++++ PROVIDED ENTRIES ++++

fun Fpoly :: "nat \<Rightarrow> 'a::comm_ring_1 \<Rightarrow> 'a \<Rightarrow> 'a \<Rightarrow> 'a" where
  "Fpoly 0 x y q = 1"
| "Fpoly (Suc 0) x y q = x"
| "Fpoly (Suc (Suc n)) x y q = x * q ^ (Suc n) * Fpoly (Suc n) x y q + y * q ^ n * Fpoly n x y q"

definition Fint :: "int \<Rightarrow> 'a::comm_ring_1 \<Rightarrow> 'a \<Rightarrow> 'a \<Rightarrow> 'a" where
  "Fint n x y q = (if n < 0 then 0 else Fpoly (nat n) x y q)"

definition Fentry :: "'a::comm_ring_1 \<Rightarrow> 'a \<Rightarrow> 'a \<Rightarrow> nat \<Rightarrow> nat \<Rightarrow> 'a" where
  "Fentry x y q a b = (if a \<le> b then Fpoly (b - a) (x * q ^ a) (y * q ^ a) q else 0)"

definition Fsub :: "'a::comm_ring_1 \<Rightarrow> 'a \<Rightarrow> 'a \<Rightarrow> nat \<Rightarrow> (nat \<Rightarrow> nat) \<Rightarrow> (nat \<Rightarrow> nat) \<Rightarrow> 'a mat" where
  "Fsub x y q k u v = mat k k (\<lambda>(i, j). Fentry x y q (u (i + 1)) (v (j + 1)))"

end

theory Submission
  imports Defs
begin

++++
++++ PROVIDED ENTRIES ++++

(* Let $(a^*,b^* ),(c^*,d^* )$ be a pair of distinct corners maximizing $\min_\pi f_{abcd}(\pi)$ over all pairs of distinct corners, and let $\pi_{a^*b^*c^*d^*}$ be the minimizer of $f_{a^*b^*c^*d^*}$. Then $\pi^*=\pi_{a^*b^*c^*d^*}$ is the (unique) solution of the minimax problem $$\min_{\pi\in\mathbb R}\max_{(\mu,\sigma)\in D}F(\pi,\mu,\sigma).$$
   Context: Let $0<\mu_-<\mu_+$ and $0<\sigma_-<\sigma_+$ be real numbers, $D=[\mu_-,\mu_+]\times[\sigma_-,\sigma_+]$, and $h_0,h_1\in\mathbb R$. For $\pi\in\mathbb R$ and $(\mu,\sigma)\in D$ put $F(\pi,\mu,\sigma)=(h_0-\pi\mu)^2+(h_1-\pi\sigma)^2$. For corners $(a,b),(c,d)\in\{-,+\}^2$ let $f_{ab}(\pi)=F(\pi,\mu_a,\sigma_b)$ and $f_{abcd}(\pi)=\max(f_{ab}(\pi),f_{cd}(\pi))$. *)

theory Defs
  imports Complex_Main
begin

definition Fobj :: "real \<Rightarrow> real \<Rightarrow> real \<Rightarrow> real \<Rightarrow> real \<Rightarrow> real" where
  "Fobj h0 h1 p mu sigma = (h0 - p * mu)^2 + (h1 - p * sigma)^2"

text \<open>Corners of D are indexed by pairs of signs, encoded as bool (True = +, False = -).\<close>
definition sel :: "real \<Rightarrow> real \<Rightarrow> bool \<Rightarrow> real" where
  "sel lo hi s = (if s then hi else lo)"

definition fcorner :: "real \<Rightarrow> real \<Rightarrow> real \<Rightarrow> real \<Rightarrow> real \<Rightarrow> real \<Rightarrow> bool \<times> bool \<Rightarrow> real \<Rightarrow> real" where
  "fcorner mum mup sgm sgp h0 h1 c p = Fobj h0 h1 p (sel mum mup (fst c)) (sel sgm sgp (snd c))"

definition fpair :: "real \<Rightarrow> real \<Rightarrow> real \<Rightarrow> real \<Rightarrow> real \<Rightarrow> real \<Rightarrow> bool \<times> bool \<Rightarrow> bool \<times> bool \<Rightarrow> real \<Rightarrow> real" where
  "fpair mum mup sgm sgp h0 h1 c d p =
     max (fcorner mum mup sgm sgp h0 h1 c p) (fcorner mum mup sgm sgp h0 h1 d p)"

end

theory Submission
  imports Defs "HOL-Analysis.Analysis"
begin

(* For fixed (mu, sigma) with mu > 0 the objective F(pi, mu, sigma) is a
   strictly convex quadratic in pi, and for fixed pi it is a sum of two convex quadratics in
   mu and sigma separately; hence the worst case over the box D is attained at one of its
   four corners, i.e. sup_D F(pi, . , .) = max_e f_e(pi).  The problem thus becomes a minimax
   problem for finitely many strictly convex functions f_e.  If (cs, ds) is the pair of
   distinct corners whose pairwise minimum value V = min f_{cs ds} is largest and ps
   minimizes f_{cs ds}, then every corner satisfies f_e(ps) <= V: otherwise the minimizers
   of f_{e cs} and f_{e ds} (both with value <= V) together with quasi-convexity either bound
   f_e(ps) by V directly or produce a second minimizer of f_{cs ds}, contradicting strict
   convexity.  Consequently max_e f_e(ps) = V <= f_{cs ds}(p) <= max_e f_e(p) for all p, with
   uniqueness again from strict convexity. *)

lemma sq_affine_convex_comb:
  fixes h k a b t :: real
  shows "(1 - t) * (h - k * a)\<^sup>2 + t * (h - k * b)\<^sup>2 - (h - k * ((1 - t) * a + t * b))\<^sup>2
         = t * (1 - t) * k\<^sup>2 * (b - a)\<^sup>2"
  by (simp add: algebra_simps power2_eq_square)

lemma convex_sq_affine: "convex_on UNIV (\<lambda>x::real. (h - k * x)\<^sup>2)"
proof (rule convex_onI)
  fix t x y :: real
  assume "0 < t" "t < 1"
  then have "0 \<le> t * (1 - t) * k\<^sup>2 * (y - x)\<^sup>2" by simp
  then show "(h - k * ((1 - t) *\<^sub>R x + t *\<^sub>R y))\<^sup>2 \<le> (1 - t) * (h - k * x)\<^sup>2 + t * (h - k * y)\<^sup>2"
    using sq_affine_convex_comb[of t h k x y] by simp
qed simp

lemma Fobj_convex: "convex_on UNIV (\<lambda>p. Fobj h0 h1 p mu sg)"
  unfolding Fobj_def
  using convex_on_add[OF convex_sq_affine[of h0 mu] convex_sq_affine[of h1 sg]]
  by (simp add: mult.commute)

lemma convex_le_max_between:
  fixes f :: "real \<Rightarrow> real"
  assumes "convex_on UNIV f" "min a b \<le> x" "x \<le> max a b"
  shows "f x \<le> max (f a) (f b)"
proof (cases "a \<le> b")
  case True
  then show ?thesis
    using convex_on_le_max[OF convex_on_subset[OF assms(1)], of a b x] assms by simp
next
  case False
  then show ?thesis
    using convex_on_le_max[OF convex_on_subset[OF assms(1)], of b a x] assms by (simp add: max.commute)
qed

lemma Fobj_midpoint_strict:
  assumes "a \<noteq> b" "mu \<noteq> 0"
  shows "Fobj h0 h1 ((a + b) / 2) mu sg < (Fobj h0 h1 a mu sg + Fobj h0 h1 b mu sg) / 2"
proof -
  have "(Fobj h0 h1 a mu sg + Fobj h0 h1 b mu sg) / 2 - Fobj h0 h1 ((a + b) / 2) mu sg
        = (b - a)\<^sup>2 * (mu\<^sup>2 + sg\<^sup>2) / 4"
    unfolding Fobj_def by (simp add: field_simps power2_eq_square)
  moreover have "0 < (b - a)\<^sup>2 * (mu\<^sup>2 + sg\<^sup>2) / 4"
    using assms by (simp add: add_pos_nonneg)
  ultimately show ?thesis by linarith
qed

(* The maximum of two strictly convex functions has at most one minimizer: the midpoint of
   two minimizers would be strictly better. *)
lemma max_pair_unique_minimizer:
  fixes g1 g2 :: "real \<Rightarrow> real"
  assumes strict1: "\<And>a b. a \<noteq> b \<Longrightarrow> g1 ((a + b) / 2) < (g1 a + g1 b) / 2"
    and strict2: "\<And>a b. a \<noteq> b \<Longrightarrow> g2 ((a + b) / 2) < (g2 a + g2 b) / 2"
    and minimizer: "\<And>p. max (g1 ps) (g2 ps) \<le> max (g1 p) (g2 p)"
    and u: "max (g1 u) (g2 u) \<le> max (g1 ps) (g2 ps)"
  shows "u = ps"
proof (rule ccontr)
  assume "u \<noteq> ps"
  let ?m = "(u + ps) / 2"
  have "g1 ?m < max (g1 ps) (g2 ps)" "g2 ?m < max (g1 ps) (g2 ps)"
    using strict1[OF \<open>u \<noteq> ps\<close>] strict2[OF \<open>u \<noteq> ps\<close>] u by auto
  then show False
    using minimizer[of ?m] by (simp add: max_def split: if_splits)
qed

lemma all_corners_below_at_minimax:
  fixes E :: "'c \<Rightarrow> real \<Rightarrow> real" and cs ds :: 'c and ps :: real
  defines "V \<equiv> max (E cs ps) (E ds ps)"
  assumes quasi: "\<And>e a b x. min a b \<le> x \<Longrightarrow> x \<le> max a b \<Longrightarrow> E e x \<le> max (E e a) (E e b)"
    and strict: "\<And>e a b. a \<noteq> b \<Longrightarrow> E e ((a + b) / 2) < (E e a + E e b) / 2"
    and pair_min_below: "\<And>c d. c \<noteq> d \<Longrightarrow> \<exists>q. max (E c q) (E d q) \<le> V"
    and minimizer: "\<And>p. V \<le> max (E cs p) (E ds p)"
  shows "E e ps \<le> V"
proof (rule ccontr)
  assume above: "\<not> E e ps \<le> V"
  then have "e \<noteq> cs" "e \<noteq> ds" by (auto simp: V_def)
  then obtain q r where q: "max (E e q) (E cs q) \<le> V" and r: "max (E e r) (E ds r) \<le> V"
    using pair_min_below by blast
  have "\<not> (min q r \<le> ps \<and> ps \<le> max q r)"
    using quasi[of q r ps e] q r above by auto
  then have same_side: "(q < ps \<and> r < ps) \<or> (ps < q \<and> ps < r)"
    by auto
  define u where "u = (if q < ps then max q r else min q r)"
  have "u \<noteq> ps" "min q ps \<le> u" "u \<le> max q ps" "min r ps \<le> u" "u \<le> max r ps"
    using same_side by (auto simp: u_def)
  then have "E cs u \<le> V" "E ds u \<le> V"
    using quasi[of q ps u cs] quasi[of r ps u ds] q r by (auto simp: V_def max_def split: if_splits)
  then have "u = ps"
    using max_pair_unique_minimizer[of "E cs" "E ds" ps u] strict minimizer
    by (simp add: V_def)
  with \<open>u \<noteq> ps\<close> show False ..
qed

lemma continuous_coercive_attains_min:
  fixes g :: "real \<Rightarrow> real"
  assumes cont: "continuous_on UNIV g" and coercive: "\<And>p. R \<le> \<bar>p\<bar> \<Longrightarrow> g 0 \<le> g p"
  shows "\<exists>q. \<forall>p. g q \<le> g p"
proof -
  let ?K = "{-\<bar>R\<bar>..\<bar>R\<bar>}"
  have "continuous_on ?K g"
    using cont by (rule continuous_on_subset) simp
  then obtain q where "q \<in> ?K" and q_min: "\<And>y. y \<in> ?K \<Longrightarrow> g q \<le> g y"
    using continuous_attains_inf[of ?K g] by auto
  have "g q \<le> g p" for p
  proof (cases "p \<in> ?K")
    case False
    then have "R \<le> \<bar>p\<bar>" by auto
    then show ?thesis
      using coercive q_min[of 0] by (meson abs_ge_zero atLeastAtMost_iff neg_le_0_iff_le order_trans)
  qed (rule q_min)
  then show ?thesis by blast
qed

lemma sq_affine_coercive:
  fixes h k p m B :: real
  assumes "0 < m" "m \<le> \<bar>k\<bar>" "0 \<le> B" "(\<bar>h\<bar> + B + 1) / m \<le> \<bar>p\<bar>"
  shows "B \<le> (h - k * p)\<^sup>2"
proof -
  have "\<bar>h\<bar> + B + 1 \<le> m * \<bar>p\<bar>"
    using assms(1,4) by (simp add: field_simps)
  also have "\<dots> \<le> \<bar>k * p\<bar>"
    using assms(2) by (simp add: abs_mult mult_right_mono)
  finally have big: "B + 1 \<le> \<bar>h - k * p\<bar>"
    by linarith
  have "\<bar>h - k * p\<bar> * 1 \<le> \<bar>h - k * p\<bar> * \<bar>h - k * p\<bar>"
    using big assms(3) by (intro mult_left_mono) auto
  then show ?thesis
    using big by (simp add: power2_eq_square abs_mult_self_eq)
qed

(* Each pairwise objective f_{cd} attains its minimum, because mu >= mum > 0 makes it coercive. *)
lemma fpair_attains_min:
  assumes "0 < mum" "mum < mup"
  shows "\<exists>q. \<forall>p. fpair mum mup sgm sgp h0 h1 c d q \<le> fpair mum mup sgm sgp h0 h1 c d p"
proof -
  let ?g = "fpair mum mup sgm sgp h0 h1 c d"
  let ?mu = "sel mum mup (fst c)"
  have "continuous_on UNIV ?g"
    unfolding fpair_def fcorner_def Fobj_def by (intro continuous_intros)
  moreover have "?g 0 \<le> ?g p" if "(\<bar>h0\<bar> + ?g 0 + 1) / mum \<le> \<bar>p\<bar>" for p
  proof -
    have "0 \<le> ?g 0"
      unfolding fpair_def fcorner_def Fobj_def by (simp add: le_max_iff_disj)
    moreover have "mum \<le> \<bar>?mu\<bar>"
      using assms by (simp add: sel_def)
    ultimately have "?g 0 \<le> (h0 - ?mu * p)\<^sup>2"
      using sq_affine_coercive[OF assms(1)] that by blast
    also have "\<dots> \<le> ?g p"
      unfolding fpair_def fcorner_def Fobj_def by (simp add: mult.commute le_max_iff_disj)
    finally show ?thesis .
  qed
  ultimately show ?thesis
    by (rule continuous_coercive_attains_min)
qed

++++

= ACTIVITY =
Every line that holds the word "UNIV" should be copied from the records above.

= RESULT =
lemma convex_sq_affine: "convex_on UNIV (\<lambda>x::real. (h - k * x)\<^sup>2)"
lemma Fobj_convex: "convex_on UNIV (\<lambda>p. Fobj h0 h1 p mu sg)"
  assumes "convex_on UNIV f" "min a b \<le> x" "x \<le> max a b"
  assumes cont: "continuous_on UNIV g" and coercive: "\<And>p. R \<le> \<bar>p\<bar> \<Longrightarrow> g 0 \<le> g p"
  have "continuous_on UNIV ?g"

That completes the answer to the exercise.